𝕏

Server out of disk space

Message boards : Number crunching : Server out of disk space
Message board moderation

To post messages, you must log in.

1 · 2 · Next

AuthorMessage
Profile GPV67
Avatar

Send message
Joined: 16 Sep 22
Posts: 3
Credit: 1,216,904
RAC: 3,687
Message 2656 - Posted: 30 Mar 2025, 13:05:29 UTC

Hi Jesús,

New issue:
Sun Mar 30 14:59:54 2025 | DENIS@home | [error] Error reported by file upload server: Server is out of disk space

Lots of work waiting for the team on Monday morning...
ID: 2656 · Rating: 0 · rate: Rate + / Rate - Report as offensive     Reply Quote
[VENETO] boboviz

Send message
Joined: 9 Apr 15
Posts: 207
Credit: 1,573,789
RAC: 272
Message 2658 - Posted: 30 Mar 2025, 14:47:58 UTC - in response to Message 2656.  

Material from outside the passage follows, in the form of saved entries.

lemma cond_expC_tower_mult:
  fixes K :: "'a \<Rightarrow> complex"
  assumes H: "subalgebra F H"
    and K[measurable]: "K \<in> borel_measurable F" and L: "integrable M L" and nonneg: "\<And>x. 0 \<le> L x"
    and [measurable]: "L' \<in> borel_measurable M"
    and L': "AE w in M. real_cond_exp M F L w = L' w"
    and int: "integrable M (\<lambda>w. K w * complex_of_real (L' w))"
  shows "integrable M (\<lambda>w. K w * complex_of_real (L w))"
    and "AE w in M. cond_expC M H (\<lambda>w. K w * complex_of_real (L w)) w
                  = cond_expC M H (\<lambda>w. K w * complex_of_real (L' w)) w"
proof -
  have MH: "subalgebra M H" using H subalg by (auto simp: subalgebra_def)
  interpret H: finite_measure_subalgebra M H by unfold_locales (rule MH)
  have [measurable]: "L \<in> borel_measurable M" using L by auto
  have [measurable]: "K \<in> borel_measurable M" using K measurable_from_subalg[OF subalg] by blast
  have "integrable M (\<lambda>w. K w * complex_of_real (real_cond_exp M F L w))"
    using int L' by (subst integrable_cong_AE) auto
  then show KL: "integrable M (\<lambda>w. K w * complex_of_real (L w))"
    by (rule integrable_mult_of_integrable_mult_real_cond_exp[OF K L nonneg])
  have part: "AE w in M. real_cond_exp M H (\<lambda>v. P (K v) * L v) w = real_cond_exp M H (\<lambda>v. P (K v) * L' v) w"
    if P: "P = Re \<or> P = Im" for P
  proof -
    have [measurable]: "(\<lambda>v. P (K v)) \<in> borel_measurable F" using P by auto
    have PKL: "integrable M (\<lambda>v. P (K v) * L v)"
      using P integrable_Re[OF KL] integrable_Im[OF KL] by auto
    have "AE w in M. real_cond_exp M F (\<lambda>v. P (K v) * L v) w = P (K w) * L' w"
      using real_cond_exp_mult[of "\<lambda>v. P (K v)" L] PKL L' by auto
    then have "AE w in M. real_cond_exp M H (real_cond_exp M F (\<lambda>v. P (K v) * L v)) w
                     = real_cond_exp M H (\<lambda>v. P (K v) * L' v) w"
      using P by (intro H.real_cond_exp_cong) auto
    with H.real_cond_exp_nested_subalg[OF subalg H PKL] show ?thesis
      by eventually_elim simp
  qed
  from part[OF disjI1[OF refl]] part[OF disjI2[OF refl]]
  show "AE w in M. cond_expC M H (\<lambda>w. K w * complex_of_real (L w)) w
                  = cond_expC M H (\<lambda>w. K w * complex_of_real (L' w)) w"
    unfolding cond_expC_def by eventually_elim simp
qed
lemma alt_chain_sizes: "alt_chain cs \<Longrightarrow> sorted_wrt (<) (rev (map size cs))"
  by (auto simp: sorted_wrt_rev sorted_wrt_map sorted_wrt_iff_nth_Suc_transp transp_def
      alt_chain_def intro: clt_size)

lemma alt_chain_distinct: "alt_chain cs \<Longrightarrow> distinct cs"
  using alt_chain_sizes[of cs] by (simp add: strict_sorted_iff distinct_map)

lemma length_alt_chain: "alt_chain cs \<Longrightarrow> cs \<noteq> [] \<Longrightarrow> length cs \<le> Suc (size (hd cs))"
  using sorted_wrt_less_idx[OF alt_chain_sizes, of cs "length cs - 1"]
  by (simp add: rev_nth hd_conv_nth)

lemma alt_chain_in_cluster: "alt_chain cs \<Longrightarrow> cs \<noteq> [] \<Longrightarrow> set cs \<subseteq> cluster (hd cs)"
proof (induction cs)
  case (Cons a cs)
  show ?case
  proof (cases "cs = []")
    case False
    with Cons.prems have "alt_chain cs" "cle a (hd cs)"
      by (auto simp: alt_chain_Cons clt_def)
    moreover from \<open>alt_chain cs\<close> False have "tidy (hd cs)"
      by (simp add: alt_chain_def)
    ultimately show ?thesis using Cons.IH False cle_cluster_eq[of a "hd cs"] in_cluster_self[of a]
      by auto
  qed (simp add: in_cluster_self)
qed simp

lemma finite_alt_chain_lengths: "finite {length cs | cs. alt_chain cs \<and> cs \<noteq> [] \<and> hd cs = \<xi>}"
  by (rule finite_subset[of _ "{..Suc (size \<xi>)}"]) (auto dest: length_alt_chain)

lemma h_up_ge: "alt_chain cs \<Longrightarrow> cs \<noteq> [] \<Longrightarrow> length cs \<le> h_up (hd cs)"
  unfolding h_up_def using finite_alt_chain_lengths by (intro Max_ge) auto

lemma h_up_pos: "tidy \<xi> \<Longrightarrow> is_fix \<xi> \<Longrightarrow> 1 \<le> h_up \<xi>"
  using h_up_ge[of "[\<xi>]"] by (simp add: alt_chain_Cons alt_chain_Nil)

lemma h_up_attained:
  assumes "tidy \<xi>" "is_fix \<xi>"
  obtains cs where "alt_chain cs" "cs \<noteq> []" "hd cs = \<xi>" "length cs = h_up \<xi>"
proof -
  have "h_up \<xi> \<in> {length cs | cs. alt_chain cs \<and> cs \<noteq> [] \<and> hd cs = \<xi>}"
    unfolding h_up_def using finite_alt_chain_lengths
  proof (rule Max_in)
    show "{length cs | cs. alt_chain cs \<and> cs \<noteq> [] \<and> hd cs = \<xi>} \<noteq> {}"
      using assms by (auto simp: alt_chain_Cons alt_chain_Nil intro!: exI[of _ "[\<xi>]"])
  qed
  then show ?thesis using that by auto
qed

lemma cle_clt_trans: "cle a b \<Longrightarrow> clt b c \<Longrightarrow> tidy b \<Longrightarrow> tidy c \<Longrightarrow> clt a c"
  unfolding clt_def using cle_trans by blast

lemma h_up_antimono:
  assumes "tidy \<phi>" "tidy \<psi>" "cle \<phi> \<psi>"
  shows "h_up \<psi> \<le> h_up \<phi> \<and> (fptype \<phi> \<noteq> fptype \<psi> \<longrightarrow> h_up \<psi> < h_up \<phi>)"
proof -
  have isfix: "is_fix \<phi>" "is_fix \<psi>" using assms(3) by (simp_all add: cle_def)
  obtain cs where cs: "alt_chain (\<psi> # cs)" "length (\<psi> # cs) = h_up \<psi>"
    using h_up_attained[OF assms(2) isfix(2)] by (metis list.collapse)
  show ?thesis
  proof (cases "fptype \<phi> = fptype \<psi>")
    case False
    then have "alt_chain (\<phi> # \<psi> # cs)"
      using cs assms cle_if_type_differs isfix by (simp add: alt_chain_Cons)
    then show ?thesis using h_up_ge[of "\<phi> # \<psi> # cs"] cs(2) by simp
  next
    case same: True
    show ?thesis
    proof (cases cs)
      case Nil
      then show ?thesis using h_up_pos[OF assms(1) isfix(1)] cs(2) same by simp
    next
      case (Cons \<chi> cs')
      then have "alt_chain (\<phi> # cs)"
        using cs(1) assms same isfix cle_clt_trans[OF assms(3)] by (auto simp: alt_chain_Cons)
      then show ?thesis using h_up_ge[of "\<phi> # cs"] cs(2) Cons same by simp
    qed
  qed
qed

definition parity_round :: "int \<Rightarrow> fpop \<Rightarrow> int" where
  "parity_round d e = (if has_parity d e then d else d + 1)"

lemma Omega_g_parity_round:
  "Omega_g \<psi> = parity_round (int (cd (cluster \<psi>)) - int (h_up \<psi>)) (fptype \<psi>)"
  unfolding Omega_g_def parity_round_def Let_def by simp

lemma has_parity_parity_round: "has_parity (parity_round d e) e"
  unfolding parity_round_def has_parity_def by auto

lemma parity_round_bounds: "d \<le> parity_round d e" "parity_round d e \<le> d + 1"
  unfolding parity_round_def by auto

lemma has_parity_unique: "has_parity d e1 \<Longrightarrow> has_parity d e2 \<Longrightarrow> e1 = e2"
  unfolding has_parity_def by (cases e1; cases e2) auto

lemma has_parity_odd_iff:
  "has_parity a e1 \<Longrightarrow> has_parity b e2 \<Longrightarrow> odd a = odd b \<longleftrightarrow> e1 = e2"
  unfolding has_parity_def by (cases e1; cases e2) auto

lemma parity_round_mono: "d1 \<le> d2 \<Longrightarrow> parity_round d1 e \<le> parity_round d2 e"
  unfolding parity_round_def has_parity_def by (cases "d1 = d2") auto
(* Let $P$ be any product rule and $\mathcal A=\langle X,F,\Delta\rangle$ a $P$-automaton. Then for every term $\alpha\in\mathrm{Terms}(X)$, $[\![\alpha]\!]_{\mathcal A}=[\![\alpha]\!]_\varrho$, where $\varrho:X\to\mathbb Q\langle\langle\Sigma\rangle\rangle$ is the valuation $\varrho(x)=[\![x]\!]_{\mathcal A}$.
   Context: Let $\Sigma$ be a finite alphabet, $\Sigma^*$ the set of finite words with empty word $\varepsilon$. A series is a function $f:\Sigma^*\to\mathbb Q$; $f_w=f(w)$; series form a $\mathbb Q$-vector space under pointwise operations with zero $\mathbb 0$. For $a\in\Sigma$, $\delta_af$ is $w\mapsto f(aw)$. Terms: $\mathrm{Terms}(X)$ generated by $u,v::=x\mid 0\mid c\cdot u\mid u+v\mid u*v$ ($x\in X$, $c\in\mathbb Q$). A product rule is a term $P$ over $\{x,\dot x,y,\dot y\}$; $P(s_1,s_2,s_3,s_4)$ is substitution for $x,\dot x,y,\dot y$. The $P$-product $*$ and semantics $[\![u]\!]_\varrho$ under valuations $\varrho:X\to$ series are the unique pair with $(f*g)_\varepsilon=f_\varepsilon g_\varepsilon$, $\delta_a(f*g)=[\![P]\!]_{[x\mapsto f,\dot x\mapsto\delta_af,y\mapsto g,\dot y\mapsto\delta_ag]}$, and $[\![\cdot]\!]_\varrho$ interpreting variables via $\varrho$ and constructors by zero, scalar multiplication, addition, $*$. $P$-automaton: a tuple $\mathcal A=\langle X,F,\Delta\rangle$ with variable set $X$, output $F:X\to\mathbb Q$, transitions $\Delta_a:X\to\mathrm{Terms}(X)$ for $a\in\Sigma$. The $P$-extension of $D:X\to\mathrm{Terms}(X)$ is $\tilde D:\mathrm{Terms}(X)\to\mathrm{Terms}(X)$ with $\tilde D0=0$, $\tilde Dx=Dx$, $\tilde D(c\cdot\alpha)=c\cdot\tilde D\alpha$, $\tilde D(\alpha+\beta)=\tilde D\alpha+\tilde D\beta$, $\tilde D(\alpha*\beta)=P(\alpha,\tilde D\alpha,\beta,\tilde D\beta)$. $F$ is extended to terms by evaluation in $\mathbb Q$. The series recognised by $\alpha\in\mathrm{Terms}(X)$ is the unique $[\![\alpha]\!]_{\mathcal A}$ with $([\![\alpha]\!]_{\mathcal A})_\varepsilon=F(\alpha)$ and $\delta_a[\![\alpha]\!]_{\mathcal A}=[\![\tilde\Delta_a\alpha]\!]_{\mathcal A}$ for all $a\in\Sigma$. *)

theory Defs
  imports Main "HOL.Rat"
begin

type_synonym 'a series = "'a list \<Rightarrow> rat"

definition deriv :: "'a \<Rightarrow> 'a series \<Rightarrow> 'a series" where
  "deriv a f = (\<lambda>w. f (a # w))"

datatype 'x trm = Var 'x | Zero | Scal rat "'x trm" | Plus "'x trm" "'x trm" | Times "'x trm" "'x trm"

text \<open>Variables of a product rule: x, x-dot, y, y-dot.\<close>
datatype pvar = PX | PXd | PY | PYd

type_synonym prule = "pvar trm"

primrec subst :: "('x \<Rightarrow> 'y trm) \<Rightarrow> 'x trm \<Rightarrow> 'y trm" where
  "subst s (Var x) = s x"
| "subst s Zero = Zero"
| "subst s (Scal c u) = Scal c (subst s u)"
| "subst s (Plus u v) = Plus (subst s u) (subst s v)"
| "subst s (Times u v) = Times (subst s u) (subst s v)"

definition papp :: "prule \<Rightarrow> 'x trm \<Rightarrow> 'x trm \<Rightarrow> 'x trm \<Rightarrow> 'x trm \<Rightarrow> 'x trm" where
  "papp P s1 s2 s3 s4 = subst (\<lambda>v. case v of PX \<Rightarrow> s1 | PXd \<Rightarrow> s2 | PY \<Rightarrow> s3 | PYd \<Rightarrow> s4) P"

primrec sem :: "('a series \<Rightarrow> 'a series \<Rightarrow> 'a series) \<Rightarrow> ('x \<Rightarrow> 'a series) \<Rightarrow> 'x trm \<Rightarrow> 'a series" where
  "sem m \<rho> (Var x) = \<rho> x"
| "sem m \<rho> Zero = (\<lambda>w. 0)"
| "sem m \<rho> (Scal c u) = (\<lambda>w. c * sem m \<rho> u w)"
| "sem m \<rho> (Plus u v) = (\<lambda>w. sem m \<rho> u w + sem m \<rho> v w)"
| "sem m \<rho> (Times u v) = m (sem m \<rho> u) (sem m \<rho> v)"

definition is_P_product :: "prule \<Rightarrow> ('a series \<Rightarrow> 'a series \<Rightarrow> 'a series) \<Rightarrow> bool" where
  "is_P_product P m \<longleftrightarrow>
     (\<forall>f g. m f g [] = f [] * g [] \<and>
       (\<forall>a. deriv a (m f g) =
          sem m (\<lambda>v. case v of PX \<Rightarrow> f | PXd \<Rightarrow> deriv a f | PY \<Rightarrow> g | PYd \<Rightarrow> deriv a g) P))"

primrec pext :: "prule \<Rightarrow> ('x \<Rightarrow> 'x trm) \<Rightarrow> 'x trm \<Rightarrow> 'x trm" where
  "pext P D (Var x) = D x"
| "pext P D Zero = Zero"
| "pext P D (Scal c u) = Scal c (pext P D u)"
| "pext P D (Plus u v) = Plus (pext P D u) (pext P D v)"
| "pext P D (Times u v) = papp P u (pext P D u) v (pext P D v)"

primrec outext :: "('x \<Rightarrow> rat) \<Rightarrow> 'x trm \<Rightarrow> rat" where
  "outext F (Var x) = F x"
| "outext F Zero = 0"
| "outext F (Scal c u) = c * outext F u"
| "outext F (Plus u v) = outext F u + outext F v"
| "outext F (Times u v) = outext F u * outext F v"

text \<open>S is the (unique) function assigning to each term the series it recognises in the
  P-automaton <X, F, Delta>.\<close>
definition recognises :: "prule \<Rightarrow> ('x \<Rightarrow> rat) \<Rightarrow> ('a \<Rightarrow> 'x \<Rightarrow> 'x trm) \<Rightarrow> ('x trm \<Rightarrow> 'a series) \<Rightarrow> bool" where
  "recognises P F \<Delta> S \<longleftrightarrow>
     (\<forall>\<alpha>. S \<alpha> [] = outext F \<alpha> \<and> (\<forall>a. deriv a (S \<alpha>) = S (pext P (\<Delta> a) \<alpha>)))"

end

theory Submission
  imports Defs
begin

text \<open>A \<open>P\<close>-product is causal: the coefficients of \<open>f * g\<close> on words of length at most \<open>n\<close>
  depend only on those of \<open>f\<close> and \<open>g\<close>. Hence the same holds for the semantics of terms, and
  by induction on \<open>n\<close> the series recognised by \<open>\<alpha>\<close> and \<open>[[\<alpha>]]\<^sub>\<rho>\<close> agree on all words of
  length at most \<open>n\<close>: their constant terms coincide, and their \<open>a\<close>-derivatives are, up to
  length \<open>n\<close>, the corresponding series of \<open>\<Delta>\<^sub>a\<alpha>\<close>, since the \<open>P\<close>-extension computes
  derivatives of semantics by the product rule.\<close>

definition agree_upto :: "nat \<Rightarrow> 'a series \<Rightarrow> 'a series \<Rightarrow> bool" where
  "agree_upto n f g \<longleftrightarrow> (\<forall>w. length w \<le> n \<longrightarrow> f w = g w)"

lemma agree_upto_0: "agree_upto 0 f g \<longleftrightarrow> f [] = g []"
  by (simp add: agree_upto_def)

lemma agree_upto_Suc:
  "agree_upto (Suc n) f g \<longleftrightarrow> f [] = g [] \<and> (\<forall>a. agree_upto n (deriv a f) (deriv a g))"
proof
  assume "agree_upto (Suc n) f g"
  then show "f [] = g [] \<and> (\<forall>a. agree_upto n (deriv a f) (deriv a g))"
    by (simp add: agree_upto_def deriv_def)
next
  assume agree: "f [] = g [] \<and> (\<forall>a. agree_upto n (deriv a f) (deriv a g))"
  show "agree_upto (Suc n) f g"
    unfolding agree_upto_def
  proof (intro allI impI)
    fix w :: "'a list"
    assume "length w \<le> Suc n"
    with agree show "f w = g w"
      by (cases w) (auto simp: agree_upto_def deriv_def)
  qed
qed

lemma agree_upto_SucD: "agree_upto (Suc n) f g \<Longrightarrow> agree_upto n f g"
  by (simp add: agree_upto_def)

lemma agree_upto_all: "(\<And>n. agree_upto n f g) \<Longrightarrow> f = g"
  by (auto simp: agree_upto_def)

lemma sem_subst: "sem m \<rho> (subst s t) = sem m (\<lambda>x. sem m \<rho> (s x)) t"
  by (induction t) auto

lemma sem_papp:
  "sem m \<rho> (papp P s1 s2 s3 s4) =
     sem m (case_pvar (sem m \<rho> s1) (sem m \<rho> s2) (sem m \<rho> s3) (sem m \<rho> s4)) P"
  unfolding papp_def sem_subst by (metis pvar.case_distrib)

lemma is_P_productD:
  assumes "is_P_product P m"
  shows "m f g [] = f [] * g []"
    and "deriv a (m f g) = sem m (case_pvar f (deriv a f) g (deriv a g)) P"
  using assms unfolding is_P_product_def by simp_all

lemma sem_agree_upto:
  assumes "\<And>f f' g g'. agree_upto n f f' \<Longrightarrow> agree_upto n g g' \<Longrightarrow>
      agree_upto n (m f g) (m f' g')"
    and "\<And>x. agree_upto n (\<rho> x) (\<rho>' x)"
  shows "agree_upto n (sem m \<rho> t) (sem m \<rho>' t)"
proof (induction t)
  case (Times u v)
  then show ?case by (simp add: assms(1))
qed (simp_all add: assms(2), simp_all add: agree_upto_def)

lemma P_product_agree_upto:
  assumes "is_P_product P m"
  shows "agree_upto n f f' \<Longrightarrow> agree_upto n g g' \<Longrightarrow> agree_upto n (m f g) (m f' g')"
proof (induction n arbitrary: f f' g g')
  case 0
  then show ?case
    by (simp add: agree_upto_0 is_P_productD(1)[OF assms])
next
  case (Suc n)
  have "agree_upto n (deriv a (m f g)) (deriv a (m f' g'))" for a
  proof -
    have args: "agree_upto n (case_pvar f (deriv a f) g (deriv a g) v)
        (case_pvar f' (deriv a f') g' (deriv a g') v)" for v
      using Suc.prems by (cases v) (auto simp: agree_upto_Suc agree_upto_SucD)
    show ?thesis
      unfolding is_P_productD(2)[OF assms] by (rule sem_agree_upto[OF Suc.IH args])
  qed
  with Suc.prems show ?case
    by (simp add: agree_upto_Suc is_P_productD(1)[OF assms])
qed

lemma deriv_sem_agree_upto_pext:
  assumes P: "is_P_product P m"
    and D: "\<And>x. agree_upto n (deriv a (\<rho> x)) (sem m \<rho> (D x))"
  shows "agree_upto n (deriv a (sem m \<rho> t)) (sem m \<rho> (pext P D t))"
proof (induction t)
  case (Times u v)
  have "agree_upto n
      (case_pvar (sem m \<rho> u) (deriv a (sem m \<rho> u)) (sem m \<rho> v) (deriv a (sem m \<rho> v)) x)
      (case_pvar (sem m \<rho> u) (sem m \<rho> (pext P D u)) (sem m \<rho> v) (sem m \<rho> (pext P D v)) x)"
    for x
    using Times by (cases x) (auto simp: agree_upto_def)
  then show ?case
    by (simp add: is_P_productD(2)[OF P] sem_papp sem_agree_upto P_product_agree_upto[OF P])
qed (simp_all add: D, simp_all add: agree_upto_def deriv_def)

lemma sem_Nil:
  assumes "is_P_product P m"
  shows "sem m \<rho> t [] = outext (\<lambda>x. \<rho> x []) t"
  by (induction t) (simp_all add: is_P_productD(1)[OF assms])

lemma recognised_Nil_eq_sem:
  assumes "is_P_product P m" and "recognises P F \<Delta> S"
  shows "S \<alpha> [] = sem m (\<lambda>x. S (Var x)) \<alpha> []"
  using assms(2) by (simp add: recognises_def sem_Nil[OF assms(1)])

lemma recognised_agree_upto_sem:
  assumes P: "is_P_product P m" and R: "recognises P F \<Delta> S"
  shows "agree_upto n (S \<alpha>) (sem m (\<lambda>x. S (Var x)) \<alpha>)"
proof (induction n arbitrary: \<alpha>)
  case 0
  show ?case by (simp add: agree_upto_0 recognised_Nil_eq_sem[OF P R])
next
  case (Suc n)
  let ?T = "sem m (\<lambda>x. S (Var x))"
  have "agree_upto n (deriv a (S \<alpha>)) (deriv a (?T \<alpha>))" for a
  proof -
    have "agree_upto n (deriv a (S (Var x))) (?T (\<Delta> a x))" for x
      using R Suc.IH by (simp add: recognises_def)
    then have "agree_upto n (deriv a (?T \<alpha>)) (?T (pext P (\<Delta> a) \<alpha>))"
      by (rule deriv_sem_agree_upto_pext[OF P])
    then show ?thesis
      using R Suc.IH by (simp add: recognises_def agree_upto_def)
  qed
  then show ?case by (simp add: agree_upto_Suc recognised_Nil_eq_sem[OF P R])
qed

theorem mainTheorem6:
  fixes P :: prule
    and m :: "('a::finite) series \<Rightarrow> 'a series \<Rightarrow> 'a series"
    and F :: "'x \<Rightarrow> rat"
    and \<Delta> :: "'a \<Rightarrow> 'x \<Rightarrow> 'x trm"
    and S :: "'x trm \<Rightarrow> 'a series"
  assumes "is_P_product P m"
    and "recognises P F \<Delta> S"
  shows "\<forall>\<alpha>. S \<alpha> = sem m (\<lambda>x. S (Var x)) \<alpha>"
  using agree_upto_all recognised_agree_upto_sem[OF assms] by blast

end
lemma dyadic_avg_linf_norm_embedding_sign_sum_le:
  assumes emb: "lambda_embedding N lam I" and "0 \<le> a"
    and I_le: "\<And>x. linf_norm N (I x) \<le> a * norm x"
  shows "dyadic_avg n (\<lambda>j. (linf_norm N (I (\<Sum>k<n. dyadic_sign n j k *\<^sub>R x k)))\<^sup>2)
           \<le> 18 * (1 + ln (real N)) * (a\<^sup>2 * (weak_l2 n x)\<^sup>2)"
proof -
  have coord: "bounded_clin_fun (\<lambda>x. I x i)" "onorm (\<lambda>x. I x i) \<le> a" for i
    using lambda_embedding_coordinate[OF emb \<open>0 \<le> a\<close> I_le] by auto
  have I_sum: "I (\<Sum>k<n. dyadic_sign n j k *\<^sub>R x k) = (\<lambda>i. \<Sum>k<n. dyadic_sign n j k *\<^sub>R I (x k) i)"
    for j
  proof
    fix i
    interpret I_i: bounded_linear "\<lambda>x. I x i"
      using coord(1) by (rule bounded_linear_if_bounded_clin_fun)
    show "I (\<Sum>k<n. dyadic_sign n j k *\<^sub>R x k) i = (\<Sum>k<n. dyadic_sign n j k *\<^sub>R I (x k) i)"
      by (simp add: I_i.sum I_i.scale)
  qed
  have "(\<Sum>k<n. (cmod (I (x k) i))\<^sup>2) \<le> a\<^sup>2 * (weak_l2 n x)\<^sup>2" for i
  proof -
    have "0 \<le> onorm (\<lambda>x. I x i)"
      using coord(1) by (intro onorm_pos_le bounded_linear_if_bounded_clin_fun)
    then have "(onorm (\<lambda>x. I x i))\<^sup>2 * (weak_l2 n x)\<^sup>2 \<le> a\<^sup>2 * (weak_l2 n x)\<^sup>2"
      using coord(2) by (intro mult_right_mono power_mono) auto
    with sum_square_le_onorm_weak_l2[OF coord(1)] show ?thesis
      by (rule order_trans)
  qed
  then show ?thesis
    unfolding I_sum by (intro dyadic_avg_linf_norm_sign_sum_square_le) auto
qed
(* Let $K_0=0$ and let $\Omega\subset\mathbb R^d$ be a bounded convex domain with $C^1$ boundary, with inner unit normal $\nu(X)$ at $X\in\partial\Omega$. Define $$h_*(x)=\inf_{X\in\partial\Omega}\big[h_0+\lambda_0\,\nu(X)\cdot(x-X)\big],\qquad x\in\mathbb R^d$$ (equivalently, the lower envelope of all affine functions $H$ with $|\nabla H|=\lambda_0$, $H\ge h_0$ on $\Omega$ and $H(X)=h_0$ for some $X\in\partial\Omega$). Then $h_*$ (restricted to $\mathbb R^d\setminus\Omega$) is a weak solution of $\det D^2(-u)=0$ in $\{u>0\}\setminus\overline\Omega$, $u=h_0$ on $\partial\Omega$, $|\nabla u|=\lambda_0$ on $\Gamma_u$.
   Context: Setting: $d\ge 2$; $h_0>0$, $\lambda_0>0$ constants. For $u:\mathbb R^d\setminus\Omega\to\mathbb R$ let $U$ denote the function equal to $u$ off $\Omega$ and to $h_0$ on $\Omega$; $u$ is called concave if $U$ is concave on $\mathbb R^d$. Write $\{u>0\}$ for $\{U>0\}$ and $\Gamma_u=\partial\{u>0\}\setminus\overline\Omega$. For a convex function $f$ on an open set $D$, $\omega_x(f)=\{p: f(y)\ge f(x)+p\cdot(y-x)\ \forall y\in D\}$ and $\omega_E(f)=\bigcup_{x\in E}\omega_x(f)$. A concave $u$ is a weak solution (with $K_0=0$) if: (a) $|\omega_E(-u)|=0$ for every Borel $E\subset\{u>0\}\setminus\overline\Omega$ (gradient mapping of $-u$ on $\{u>0\}\setminus\overline\Omega$); (b) $u=h_0$ on $\partial\Omega$; (c) at every $x_0\in\Gamma_u$ at which the convex set $\{u>0\}$ has a unique supporting hyperplane, with inner unit normal $\nu$, $\lim_{t\downarrow 0}u(x_0+t\nu)/t=\lambda_0$. *)

theory Defs
  imports "HOL-Analysis.Analysis"
begin
(* Let $d = 2$ and $\hat X \in U(2)$. Let $F = \int d\psi\, |\langle\psi|\hat X|\psi\rangle|^2$ and $D = \sqrt{\int d\psi\, |\langle\psi|\hat X|\psi\rangle|^4 - F^2}$. Then $$D = \frac{1-F}{\sqrt 5}.$$
   Context: $d\psi$ denotes the unitarily invariant (Haar-induced) probability measure on unit vectors of $\mathbb{C}^2$. *)

theory Defs
  imports "HOL-Analysis.Analysis"
begin

text \<open>Vectors of C^2 are complex^2 (a 4-dimensional real Euclidean space);
  2x2 complex matrices are complex^2^2.\<close>

definition adjoint2 :: "complex^2^2 \<Rightarrow> complex^2^2" where
  "adjoint2 A = (\<chi> i j. cnj (A $ j $ i))"

definition unitary2 :: "complex^2^2 \<Rightarrow> bool" where
  "unitary2 A \<longleftrightarrow> adjoint2 A ** A = mat 1 \<and> A ** adjoint2 A = mat 1"

definition expval :: "complex^2^2 \<Rightarrow> complex^2 \<Rightarrow> complex" where
  "expval A \<psi> = (\<Sum>i\<in>UNIV. cnj (\<psi> $ i) * (A *v \<psi>) $ i)"

text \<open>The unitarily invariant probability measure on unit vectors of C^2:
  the uniform (normalised surface) measure on the unit sphere, realised as the
  push-forward of the normalised Lebesgue measure on the unit ball of C^2 = R^4
  under radial projection x \<mapsto> x/|x|.\<close>
definition haar_state :: "(complex^2) measure" where
  "haar_state = distr (uniform_measure lborel (ball 0 1)) borel (\<lambda>x. sgn x)"

end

I think it's related with the problem of validator...
ID: 2658 · Rating: 0 · rate: Rate + / Rate - Report as offensive     Reply Quote
Jean-David Beyer

Send message
Joined: 6 Mar 23
Posts: 61
Credit: 2,404,380
RAC: 5,328
Message 2664 - Posted: 30 Mar 2025, 19:33:54 UTC - in response to Message 2656.  

Problem seems fixed now.
ID: 2664 · Rating: 0 · rate: Rate + / Rate - Report as offensive     Reply Quote
[VENETO] boboviz

Send message
Joined: 9 Apr 15
Posts: 207
Credit: 1,573,789
RAC: 272
Message 2671 - Posted: 31 Mar 2025, 6:51:18 UTC - in response to Message 2664.  

Problem seems fixed now.


But the validator is still blocked and in the server status page there is this message:
set_cached_data(): can't open ../cache/f2/server_status.php_job_status
ID: 2671 · Rating: 0 · rate: Rate + / Rate - Report as offensive     Reply Quote
Jean-David Beyer

Send message
Joined: 6 Mar 23
Posts: 61
Credit: 2,404,380
RAC: 5,328
Message 2887 - Posted: 17 Apr 2025, 12:43:58 UTC

Out of disk space again ...

Thu 17 Apr 2025 08:37:37 AM EDT | DENIS@home | Started upload of DENIS_Fiber_Beta_20250416030032669914_InitialTest_k_0-Test_16-conf_105_1_r1260245714_0
Thu 17 Apr 2025 08:37:37 AM EDT | DENIS@home | Started upload of DENIS_Fiber_Beta_20250416030032669914_InitialTest_k_0-Test_16-conf_163_0_r880802995_0
Thu 17 Apr 2025 08:37:39 AM EDT | DENIS@home | [error] Error reported by file upload server: Server is out of disk space
Thu 17 Apr 2025 08:37:39 AM EDT | DENIS@home | [error] Error reported by file upload server: Server is out of disk space
Thu 17 Apr 2025 08:37:39 AM EDT | DENIS@home | Temporarily failed upload of
ID: 2887 · Rating: 0 · rate: Rate + / Rate - Report as offensive     Reply Quote
Profile Lanius collurio

Send message
Joined: 5 Apr 25
Posts: 24
Credit: 57,807
RAC: 2,680
Message 2889 - Posted: 17 Apr 2025, 13:10:14 UTC

Curiously, the number of WUs waiting for validation dropped a bit. Was over 33k last time I checked, now it shows 32971. Maybe they paused the uploads to speed up validating older WUs?
ID: 2889 · Rating: 0 · rate: Rate + / Rate - Report as offensive     Reply Quote
Paul

Send message
Joined: 8 Jul 22
Posts: 36
Credit: 979,475
RAC: 698
Message 2891 - Posted: 17 Apr 2025, 14:16:17 UTC - in response to Message 2887.  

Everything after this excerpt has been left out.